К счастью, оказалось, что невдалеке, — вверх по той же реке Монгугаю, — верстах приблизительно в пяти от впадения её в Японское море, находится почтовая станция; и так как мы, по пути сюда, уже отказались от мысли продолжать дальнейшее плавание морем, то и решили добраться до почтового тракта, откуда могли доехать уже на лошадях до Посьета, конечной цели нашей поездки.

За приличную плату один из дежурных солдат согласился нас довезти по реке на спасательной шлюпке.

Под дождем и в измокшей одежде это плавание не предвещало нам ничего соблазнительного; но у нас не было выбора, и мы, волей-неволей, вынуждены были пробираться в глухую полночь по незнакомой реке.

Мы уже были приблизительно на половине пути от почтовой станции, как одно неожиданное препятствие едва не разрушило всех наших планов и чуть не заставило нас возвратиться назад. Дело в том, что мы наткнулись на железную цепь, перетянутую поперек всей реки и совершенно преграждавшую как выход из неё к устью, так и наше движение вверх по реке. Река, как оказывается, была заперта железной цепью.

На маленьких уссурийских, часто даже судоходных реках — это обычное явление. Здесь очень часто (впрочем, без ведома властей) лесопромышленники запирают реку у её устья для того, чтобы сплавляемый ими из тайги по ней лес не унесло в Японское море.

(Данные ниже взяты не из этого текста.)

lemma lift_brick_at: "lift ` brick_at p d = brick_at (lift p) d"
proof -
  have "lift ` (A \<times> B \<times> C) = A \<times> B \<times> Suc ` C" for A B C
    by force
  then show ?thesis
    by (cases p; cases d) (simp add: brick_at_eq_Times)
qed

lemma rod_lift_iff: "rod (lift ` B) \<longleftrightarrow> rod B"
proof
  assume "rod (lift ` B)"
  then obtain p d where d: "d \<in> orientations 1 1 3" and B: "lift ` B = brick_at p d"
    by (auto simp: rod_def)
  then obtain q where "p = lift q"
    using corner_in_rod[OF d, of p] by blast
  then have "lift ` B = lift ` brick_at q d"
    by (simp add: B lift_brick_at)
  then have "B = brick_at q d"
    using inj_lift by (simp add: inj_image_eq_iff)
  then show "rod B"
    using d unfolding rod_def by blast
next
  assume "rod B"
  then obtain p d where "d \<in> orientations 1 1 3" "B = brick_at p d"
    by (auto simp: rod_def)
  then show "rod (lift ` B)"
    unfolding rod_def by (metis lift_brick_at)
qed

lemma card_tilings_by_rod_lift: "card (tilings_by rod (lift ` R)) = card (tilings_by rod R)"
  by (rule card_tilings_by_image) (simp_all add: inj_lift rod_lift_iff)

fun rods_through :: "cell \<Rightarrow> (cell \<times> cell) list" where
  "rods_through (x, y, z) =
     [((x, y, z), (3, 1, 1))] @ (if 1 \<le> x then [((x - 1, y, z), (3, 1, 1))] else [])
       @ (if 2 \<le> x then [((x - 2, y, z), (3, 1, 1))] else []) @
     [((x, y, z), (1, 3, 1))] @ (if 1 \<le> y then [((x, y - 1, z), (1, 3, 1))] else [])
       @ (if 2 \<le> y then [((x, y - 2, z), (1, 3, 1))] else []) @
     [((x, y, z), (1, 1, 3))] @ (if 1 \<le> z then [((x, y, z - 1), (1, 1, 3))] else [])
       @ (if 2 \<le> z then [((x, y, z - 2), (1, 1, 3))] else [])"

lemma rods_through_iff:
  "(p, d) \<in> set (rods_through c) \<longleftrightarrow> d \<in> orientations 1 1 3 \<and> c \<in> brick_at p d"
proof -
  obtain x y z where c: "c = (x, y, z)" by (cases c)
  obtain a b e where p: "p = (a, b, e)" by (cases p)
  show ?thesis
  proof
    assume h: "d \<in> orientations 1 1 3 \<and> c \<in> brick_at p d"
    then have "d = (3, 1, 1) \<or> d = (1, 3, 1) \<or> d = (1, 1, 3)"
      unfolding mem_orientations_113 by blast
    then show "(p, d) \<in> set (rods_through c)"
    proof (elim disjE)
      assume d: "d = (3, 1, 1)"
      then have "b = y" "e = z" "x = a \<or> x = a + 1 \<or> x = a + 2"
        using h by (auto simp: c p brick_at_def)
      then show ?thesis by (auto simp: c p d)
    next
      assume d: "d = (1, 3, 1)"
      then have "a = x" "e = z" "y = b \<or> y = b + 1 \<or> y = b + 2"
        using h by (auto simp: c p brick_at_def)
      then show ?thesis by (auto simp: c p d)
    next
      assume d: "d = (1, 1, 3)"
      then have "a = x" "b = y" "z = e \<or> z = e + 1 \<or> z = e + 2"
        using h by (auto simp: c p brick_at_def)
      then show ?thesis by (auto simp: c p d)
    qed
  qed (auto simp: c p orientations_def brick_at_def split: if_splits)
qed

lemma distinct_rods_through: "distinct (rods_through c)"
  by (cases c) auto

fun brick_cells :: "cell \<Rightarrow> cell \<Rightarrow> cell list" where
  "brick_cells (x, y, z) (a, b, c) = List.product [x..<x + a] (List.product [y..<y + b] [z..<z + c])"

lemma set_brick_cells: "set (brick_cells p d) = brick_at p d"
  by (cases p; cases d) (simp add: brick_at_eq_Times)

section \<open>Completing a partially covered box\<close>

definition in_columns :: "nat \<Rightarrow> nat \<Rightarrow> cell set \<Rightarrow> bool" where
  "in_columns k m X \<longleftrightarrow> (\<forall>c\<in>X. fst c < k \<and> fst (snd c) < m)"

definition completions :: "nat \<Rightarrow> nat \<Rightarrow> nat \<Rightarrow> cell set \<Rightarrow> nat" where
  "completions k m n X = (if X \<subseteq> box k m n then card (tilings_by rod (box k m n - X)) else 0)"

lemma finite_box: "finite (box k m n)"
  by (simp add: box_def)

lemma card_tilings_113: "card (tilings k m n 1 1 3) = completions k m n {}"
  unfolding tilings_113_eq completions_def by simp

lemma completions_0: "completions k m 0 X = (if X = {} then 1 else 0)"
proof -
  have "tilings_by rod {} = {{}}"
    using rod_nonempty by (rule tilings_by_empty)
  then show ?thesis
    by (auto simp: completions_def box_def)
qed

lemma box_Suc: "box k m (Suc n) = box k m 1 \<union> lift ` box k m n"
proof (intro equalityI subsetI)
  fix c assume c: "c \<in> box k m (Suc n)"
  obtain x y z where xyz: "c = (x, y, z)" by (cases c)
  show "c \<in> box k m 1 \<union> lift ` box k m n"
  proof (cases z)
    case (Suc z')
    then have "c = lift (x, y, z')" "(x, y, z') \<in> box k m n"
      using c xyz by (auto simp: box_def)
    then show ?thesis by blast
  qed (use c xyz in \<open>auto simp: box_def\<close>)
qed (auto simp: box_def)

lemma completions_Suc_full_layer:
  assumes cols: "in_columns k m X" and full: "box k m 1 \<subseteq> X"
  shows "completions k m (Suc n) X = completions k m n (lift -` X)"
proof -
  let ?Y = "lift -` X"
  have "X - box k m 1 \<subseteq> range lift"
  proof
    fix c assume c: "c \<in> X - box k m 1"
    obtain x y z where xyz: "c = (x, y, z)" by (cases c)
    then have "z \<noteq> 0"
      using c cols by (auto simp: in_columns_def box_def)
    then have "c = lift (x, y, z - 1)"
      using xyz by simp
    then show "c \<in> range lift" by blast
  qed
  then have X: "X = box k m 1 \<union> lift ` ?Y"
    using full by auto
  have disj: "box k m 1 \<inter> lift ` A = {}" for A
    by (auto simp: box_def)
  have "X \<subseteq> box k m (Suc n) \<longleftrightarrow> lift ` ?Y \<subseteq> lift ` box k m n"
    unfolding box_Suc using disj by (subst X) blast
  also have "\<dots> \<longleftrightarrow> ?Y \<subseteq> box k m n"
    using inj_lift by (rule inj_image_subset_iff)
  finally have sub: "X \<subseteq> box k m (Suc n) \<longleftrightarrow> ?Y \<subseteq> box k m n" .
  have "box k m (Suc n) - X = lift ` box k m n - lift ` ?Y"
    unfolding box_Suc using disj by (subst X) blast
  also have "\<dots> = lift ` (box k m n - ?Y)"
    using inj_lift by (simp add: image_set_diff)
  finally show ?thesis
    using sub by (simp add: completions_def card_tilings_by_rod_lift)
qed

lemma rods_containing:
  "{B. rod B \<and> c \<in> B \<and> B \<subseteq> R}
    = (\<lambda>(p, d). brick_at p d) ` set (filter (\<lambda>(p, d). brick_at p d \<subseteq> R) (rods_through c))"
proof (intro equalityI subsetI)
  fix B assume "B \<in> {B. rod B \<and> c \<in> B \<and> B \<subseteq> R}"
  then obtain p d where "d \<in> orientations 1 1 3" "B = brick_at p d" "c \<in> B" "B \<subseteq> R"
    by (auto simp: rod_def)
  then show "B \<in> (\<lambda>(p, d). brick_at p d) ` set (filter (\<lambda>(p, d). brick_at p d \<subseteq> R) (rods_through c))"
    using rods_through_iff[of p d c] by (auto intro!: image_eqI[of _ _ "(p, d)"])
next
  fix B assume "B \<in> (\<lambda>(p, d). brick_at p d) ` set (filter (\<lambda>(p, d). brick_at p d \<subseteq> R) (rods_through c))"
  then obtain p d where "(p, d) \<in> set (rods_through c)" "B = brick_at p d" "B \<subseteq> R"
    by auto
  then show "B \<in> {B. rod B \<and> c \<in> B \<and> B \<subseteq> R}"
    using rods_through_iff[of p d c] unfolding rod_def by blast
qed

lemma inj_on_rods_through: "inj_on (\<lambda>(p, d). brick_at p d) (set (rods_through c))"
proof (rule inj_onI, clarify)
  fix p d p' d' assume "(p, d) \<in> set (rods_through c)" "(p', d') \<in> set (rods_through c)"
    and "brick_at p d = brick_at p' d'"
  then show "p = p' \<and> d = d'"
    by (intro brick_at_inj_113) (simp_all add: rods_through_iff)
qed

lemma card_tilings_by_rod_split:
  assumes "finite R" "c \<in> R"
  shows "card (tilings_by rod R) = (\<Sum>(p, d)\<leftarrow>filter (\<lambda>(p, d). brick_at p d \<subseteq> R) (rods_through c).
    card (tilings_by rod (R - brick_at p d)))"
proof -
  let ?P = "set (filter (\<lambda>(p, d). brick_at p d \<subseteq> R) (rods_through c))"
  have "card (tilings_by rod R) = (\<Sum>B\<in>(\<lambda>(p, d). brick_at p d) ` ?P. card (tilings_by rod (R - B)))"
    using assms unfolding rods_containing[symmetric] by (rule card_tilings_by_split)
  also have "\<dots> = (\<Sum>(p, d)\<in>?P. card (tilings_by rod (R - brick_at p d)))"
    by (rule sum.reindex_cong[OF inj_on_subset[OF inj_on_rods_through]]) auto
  also have "\<dots> = (\<Sum>(p, d)\<leftarrow>filter (\<lambda>(p, d). brick_at p d \<subseteq> R) (rods_through c).
      card (tilings_by rod (R - brick_at p d)))"
    by (simp add: sum_list_distinct_conv_sum_set distinct_rods_through)
  finally show ?thesis .
qed

lemma in_columns_subset_box: "X \<subseteq> box k m n \<Longrightarrow> in_columns k m X"
  by (auto simp: in_columns_def box_def)

lemma completions_place_rod:
  assumes "c \<in> box k m n" "c \<notin> X"
  shows "completions k m n X =
    (\<Sum>(p, d)\<leftarrow>filter (\<lambda>(p, d). in_columns k m (brick_at p d) \<and> brick_at p d \<inter> X = {}) (rods_through c).
       completions k m n (X \<union> brick_at p d))"
proof (cases "X \<subseteq> box k m n")
  case False
  then show ?thesis
    by (simp add: completions_def sum_list_eq_0_iff split_beta)
next
  case True
  let ?R = "box k m n - X"
  have fits: "(if B \<subseteq> ?R then card (tilings_by rod (?R - B)) else 0)
      = (if in_columns k m B \<and> B \<inter> X = {} then completions k m n (X \<union> B) else 0)" for B
  proof -
    have "?R - B = box k m n - (X \<union> B)"
      by blast
    then show ?thesis
      using True by (auto simp: completions_def dest: in_columns_subset_box)
  qed
  have "completions k m n X = card (tilings_by rod ?R)"
    using True by (simp add: completions_def)
  also have "\<dots> = (\<Sum>(p, d)\<leftarrow>filter (\<lambda>(p, d). brick_at p d \<subseteq> ?R) (rods_through c).
      card (tilings_by rod (?R - brick_at p d)))"
    using assms finite_box by (intro card_tilings_by_rod_split) auto
  also have "\<dots> = (\<Sum>(p, d)\<leftarrow>rods_through c.
      if brick_at p d \<subseteq> ?R then card (tilings_by rod (?R - brick_at p d)) else 0)"
    by (simp add: sum_list_map_filter' case_prod_beta')
  also have "\<dots> = (\<Sum>(p, d)\<leftarrow>rods_through c.
      if in_columns k m (brick_at p d) \<and> brick_at p d \<inter> X = {}
      then completions k m n (X \<union> brick_at p d) else 0)"
    by (simp only: fits)
  also have "\<dots> = (\<Sum>(p, d)\<leftarrow>filter (\<lambda>(p, d). in_columns k m (brick_at p d) \<and> brick_at p d \<inter> X = {})
      (rods_through c). completions k m n (X \<union> brick_at p d))"
    by (simp add: sum_list_map_filter' case_prod_beta')
  finally show ?thesis .
qed

definition layer_cells :: "nat \<Rightarrow> nat \<Rightarrow> cell list" where
  "layer_cells k m = [(x, y, 0). y \<leftarrow> [0..<m], x \<leftarrow> [0..<k]]"

lemma set_layer_cells: "set (layer_cells k m) = box k m 1"
  by (auto simp: layer_cells_def box_def)

definition shift_down :: "cell list \<Rightarrow> cell list" where
  "shift_down X = sort (remdups [(x, y, z - 1). (x, y, z) \<leftarrow> X, z \<noteq> 0])"

lemma set_shift_down: "set (shift_down X) = lift -` set X"
  by (force simp: shift_down_def)

text \<open>Covers the empty cells of the bottom layer by rods in all possible ways, each new rod
  through the first empty cell, and returns with multiplicity the profile each covering leaves one
  level up, sorted so that equal profiles are equal lists. The fuel f bounds the number of rods.\<close>

primrec fill_layer :: "nat \<Rightarrow> nat \<Rightarrow> nat \<Rightarrow> cell list \<Rightarrow> cell list list" where
  "fill_layer k m 0 X =
     (case find (\<lambda>c. c \<notin> set X) (layer_cells k m) of None \<Rightarrow> [shift_down X] | Some _ \<Rightarrow> [])"
| "fill_layer k m (Suc f) X =
     (case find (\<lambda>c. c \<notin> set X) (layer_cells k m) of
        None \<Rightarrow> [shift_down X]
      | Some c \<Rightarrow> concat (map (\<lambda>(p, d). fill_layer k m f (X @ brick_cells p d))
          (filter (\<lambda>(p, d). \<forall>c\<in>set (brick_cells p d). fst c < k \<and> fst (snd c) < m \<and> c \<notin> set X)
            (rods_through c))))"

declare fill_layer.simps [simp del]

lemma fill_layer_full: "box k m 1 \<subseteq> set X \<Longrightarrow> fill_layer k m f X = [shift_down X]"
proof -
  assume "box k m 1 \<subseteq> set X"
  then have "find (\<lambda>c. c \<notin> set X) (layer_cells k m) = None"
    by (auto simp: find_None_iff set_layer_cells)
  then show ?thesis
    by (cases f) (simp_all add: fill_layer.simps)
qed

lemma fill_layer_Suc_Some:
  assumes "find (\<lambda>c. c \<notin> set X) (layer_cells k m) = Some c"
  shows "fill_layer k m (Suc f) X = concat (map (\<lambda>(p, d). fill_layer k m f (X @ brick_cells p d))
    (filter (\<lambda>(p, d). in_columns k m (brick_at p d) \<and> brick_at p d \<inter> set X = {}) (rods_through c)))"
proof -
  have "(\<lambda>(p, d). \<forall>c\<in>set (brick_cells p d). fst c < k \<and> fst (snd c) < m \<and> c \<notin> set X)
      = (\<lambda>(p, d). in_columns k m (brick_at p d) \<and> brick_at p d \<inter> set X = {})"
    unfolding in_columns_def set_brick_cells by blast
  then show ?thesis
    using assms by (simp add: fill_layer.simps)
qed

lemma sum_list_concat: "sum_list (concat xss) = sum_list (map sum_list xss)"
  by (induction xss) simp_all

lemma card_Diff_Un_less: "finite A \<Longrightarrow> c \<in> A - S \<Longrightarrow> c \<in> B \<Longrightarrow> card (A - (S \<union> B)) < card (A - S)"
  by (rule psubset_card_mono) auto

Весьма часто к этому прибегают даже тогда, когда лес еще сложен на берегу в штабеля, из опасения, чтобы вследствие ливней, которыми особенно отличается уссурийское лето, не смыло штабелей с берегов разлившимися реками.

С величайшим трудом, с помощью отчаянных эквилибристических на качавшейся под ногами железной цепи, рискуя в каждый момент сорваться с неё в воду, удалось нам перетащить через нее нашу лодку и отправиться дальше.

Дождь, между тем, продолжать лить без конца. Какой-то особенно настойчивый, упорный и частый, — он пронизывал нас насквозь, напитал, как губки, все наше платье, заливал нашу лодку, доводя нас почти до отчаянья, тем более, что ему, по-видимому, не предвиделось конца, как это часто бывает в этих местах, где дожди иногда льют без перерыва по несколько дней и даже недель... Кроме всего, нас стал вдруг пронизывать пронзительный холод, который совсем не соответствовал ни времени года, ни широте, под которой мы находились.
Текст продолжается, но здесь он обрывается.